Tourist Islands Fear Eco Damage

Two French islands in the Mediterranean will introduce stringent new restrictions on tourism this week, limiting the number of visitors and imposing a smoking ban as part of a new European effort to tackle the growing problem of ecological damage. The Ile de Porquerolles and Port-Cros,...
Two French islands in the Mediterranean will introduce stringent new restrictions on tourism this week, limiting the number of visitors and imposing a smoking ban as part of a new European effort to tackle the growing problem of ecological damage.

The Ile de Porquerolles and Port-Cros, south of Marseille, are to allow no more than 5,000 and 1,500 visitors per day respectively, according to the Iles d'Or national park that administers them. Smoking has been banned to prevent forest fires.

The measures come after a European Commission report on beaches earmarked 10 major 'dead zones' with high levels of pollution, including oil slicks and the chemicals used to disperse them. In the report, Italy and Denmark emerge among the worst-hit countries with dozens of beaches banned to bathers for health reasons.

Last week the Spanish environment minister, Christina Narbona, said Spain was in danger of 'killing the goose that laid the golden egg' after an alarming report into the damage caused by mass tourism to the Balearic and Canary Islands. The report said the main damage was eroded beaches, pollution from cars, excessive energy use and sewage systems that cannot cope.

Heriberto Davila of the Ecologists in Action group called for the reintroduction of a tourist 'eco tax' in the Balearic Islands, which include Majorca and Menorca. The levy of one euro per day per tourist to help pay for waste management was introduced in April 2002 by the regional socialist government but scrapped last year when a right-wing administration took over the local body.
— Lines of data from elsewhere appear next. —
(* Let $N$ be a positive integer, let $a_1\ge a_2\ge a_3$ be real numbers, and for $i=1,\dots,N$ let $\varphi_i(l,m,n,s)$ be real-valued functions of integers $l,m,n,s$. Write $\varphi_i(s)=\varphi_i(l,m,n,s)$ and $\boldsymbol\varphi(s)=(\varphi_1(s),\dots,\varphi_N(s))^T$. Suppose that for all integers $l,m,n,s$ and all $1\le i,i_1,i_2\le N$: (1) $\varphi_i(l+1,m,n,s)=\max(\varphi_i(l,m,n,s),\varphi_i(l,m,n,s+1)-a_1)$, $\varphi_i(l,m+1,n,s)=\max(\varphi_i(l,m,n,s),\varphi_i(l,m,n,s+1)-a_2)$, $\varphi_i(l,m,n+1,s)=\max(\varphi_i(l,m,n,s),\varphi_i(l,m,n,s+1)-a_3)$; (2) $\varphi_{i_1}(s)+\varphi_{i_2}(s)\le\max\big(\varphi_{i_1}(s-1)+\varphi_{i_2}(s+1),\ \varphi_{i_2}(s-1)+\varphi_{i_1}(s+1)\big)$; (3) for all integers $0\le k_1<k_2<k_3\le N$, $$\begin{aligned}&\mathrm{UP}[\boldsymbol\varphi(0)\cdots\widehat{\boldsymbol\varphi(k_2)}\cdots\boldsymbol\varphi(N)]+\mathrm{UP}[\boldsymbol\varphi(0)\cdots\widehat{\boldsymbol\varphi(k_1)}\cdots\widehat{\boldsymbol\varphi(k_3)}\cdots\boldsymbol\varphi(N+1)]\\ =\max\Big(&\mathrm{UP}[\boldsymbol\varphi(0)\cdots\widehat{\boldsymbol\varphi(k_3)}\cdots\boldsymbol\varphi(N)]+\mathrm{UP}[\boldsymbol\varphi(0)\cdots\widehat{\boldsymbol\varphi(k_1)}\cdots\widehat{\boldsymbol\varphi(k_2)}\cdots\boldsymbol\varphi(N+1)],\\ &\mathrm{UP}[\boldsymbol\varphi(0)\cdots\widehat{\boldsymbol\varphi(k_1)}\cdots\boldsymbol\varphi(N)]+\mathrm{UP}[\boldsymbol\varphi(0)\cdots\widehat{\boldsymbol\varphi(k_2)}\cdots\widehat{\boldsymbol\varphi(k_3)}\cdots\boldsymbol\varphi(N+1)]\Big)\end{aligned}$$ (all vectors evaluated at the same $(l,m,n)$). Define $\tau(l,m,n)=\mathrm{UP}[\boldsymbol\varphi(0)\ \boldsymbol\varphi(1)\ \cdots\ \boldsymbol\varphi(N-1)]$, i.e. the ultradiscrete permanent of the $N\times N$ matrix $[\varphi_i(l,m,n,j-1)]_{1\le i,j\le N}$. Then for all integers $l,m,n$, $$\tau(l,m+1,n)+\tau(l+1,m,n+1)=\max\big(\tau(l+1,m,n)+\tau(l,m+1,n+1)-a_1+a_2,\ \tau(l,m,n+1)+\tau(l+1,m+1,n)\big).$$
   Context: For a real $N\times N$ matrix $A=[a_{ij}]$, the ultradiscrete permanent is $\mathrm{UP}[A]=\max_{\pi}(a_{1\pi_1}+\cdots+a_{N\pi_N})$, maximum over all permutations $\pi$ of $\{1,\dots,N\}$. $\mathrm{UP}[\boldsymbol v_1\ \cdots\ \boldsymbol v_N]$ denotes the UP of the matrix with columns $\boldsymbol v_1,\dots,\boldsymbol v_N$ in that order; a hat $\widehat{\boldsymbol\varphi(k)}$ means that column is omitted from the list $\boldsymbol\varphi(0),\boldsymbol\varphi(1),\dots$ (so each matrix in condition (3) has exactly $N$ columns). *)

theory Defs
  imports Complex_Main "HOL-Combinatorics.Permutations"
begin

definition UP :: "nat \<Rightarrow> (nat \<Rightarrow> nat \<Rightarrow> real) \<Rightarrow> real" where
  "UP N A = Max {(\<Sum>i<N. A i (p i)) | p. p permutes {..<N}}"

text \<open>UP of the N x N matrix whose j-th column (j = 0..N-1) is the vector
  phi(cols ! j) = (phi_1(cols ! j), ..., phi_N(cols ! j))^T at the point (l,m,n).
  Row i (0-based) corresponds to phi_(i+1).\<close>
definition UPcols :: "nat \<Rightarrow> (nat \<Rightarrow> int \<Rightarrow> int \<Rightarrow> int \<Rightarrow> int \<Rightarrow> real)
    \<Rightarrow> int \<Rightarrow> int \<Rightarrow> int \<Rightarrow> int list \<Rightarrow> real" where
  "UPcols N phi l m n cols = UP N (\<lambda>i j. phi (Suc i) l m n (cols ! j))"

definition omit :: "int \<Rightarrow> int set \<Rightarrow> int list" where
  "omit M K = filter (\<lambda>j. j \<notin> K) [0..M]"


definition tau :: "nat \<Rightarrow> (nat \<Rightarrow> int \<Rightarrow> int \<Rightarrow> int \<Rightarrow> int \<Rightarrow> real) \<Rightarrow> int \<Rightarrow> int \<Rightarrow> int \<Rightarrow> real" where
  "tau N phi l m n = UP N (\<lambda>i j. phi (Suc i) l m n (int j))"

end

theory Submission
  imports Defs
begin

text \<open>Write \<open>c s i\<close> for the \<open>i\<close>-th entry of the column \<open>\<phi>(s)\<close>. One evolution step
  \<open>c' s = max (c s) (c (s + 1) - a)\<close> turns the permanent of the columns \<open>s\<^sub>0 < \<dots> < s\<^sub>N\<^sub>-\<^sub>1\<close> of \<open>c'\<close>
  into the maximum, over 0/1-shifts \<open>\<epsilon>\<close>, of the permanent of the columns \<open>s\<^sub>j + \<epsilon>\<^sub>j\<close> of \<open>c\<close>
  minus \<open>a \<Sum> \<epsilon>\<^sub>j\<close>, and the exchange inequality (2) allows us to keep only shifts that remain
  strictly increasing. Starting from the columns \<open>0, \<dots>, N - 1\<close>, one step therefore yields the
  maximum of \<open>u k - (N - k) a\<close> over \<open>k\<close>, and two steps with rates \<open>b \<le> a\<close> yield the maximum of
  \<open>Q i j - (N - i) b - (N + 1 - j) a\<close> over \<open>i < j\<close>, where \<open>u\<close> and \<open>Q\<close> are the permanents of
  \<open>\<phi>(0), \<dots>, \<phi>(N + 1)\<close> with one, respectively two, columns omitted. The bilinear equation
  becomes an identity between such maxima, which follows from the Pluecker-type relation (3)
  by comparing the positions of the maximising indices.\<close>

section \<open>Ultradiscrete permanents\<close>

lemma UP_eq_Max_image: "UP N A = (MAX p\<in>{p. p permutes {..<N}}. \<Sum>i<N. A i (p i))"
  unfolding UP_def by (rule arg_cong[where f = Max]) blast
The argument for scrapping the levy was that tourism, which accounts for 12 per cent of Spanish gross national product, had declined.

Davila said the rare examples of sustainable tourism in Spain, including the volcanic island of Lanzarote, are now facing undue pressure, precisely because they are more attractive to holidaymakers than the concrete housing and hotel estates lining the coast of the mainland. 'The ratio of three tourists to one permanent resident is far too high, not only because it leads to environmental degradation. It also destroys the social fabric of places like the Canaries,' he said.

The measures taken in the Iles d'Or in the south of France are aimed at reducing - or at least preventing an increase in the 1.5 million holidaymakers that visit the islands every year.

Nicolas Gérardin, manager of the Iles d'Or national park, said the real solutions lay on the mainland: 'One disinsentive would be to reduce the amount of parking available at the ferry port. We also have to convince the ferry operators to turn away customers when the quota has been reached. That is not easy.'

Gérardin said biologists had already noted damage to several rare plant species and a decline in the number of peregrine falcons due to too many walkers around the cliffs of the islands.

'These islands, which were privately owned until the Second World War, have become a kind of easy-access exotic paradise for people fleeing mainland concrete. The only way to save them is to keep people away,' he said.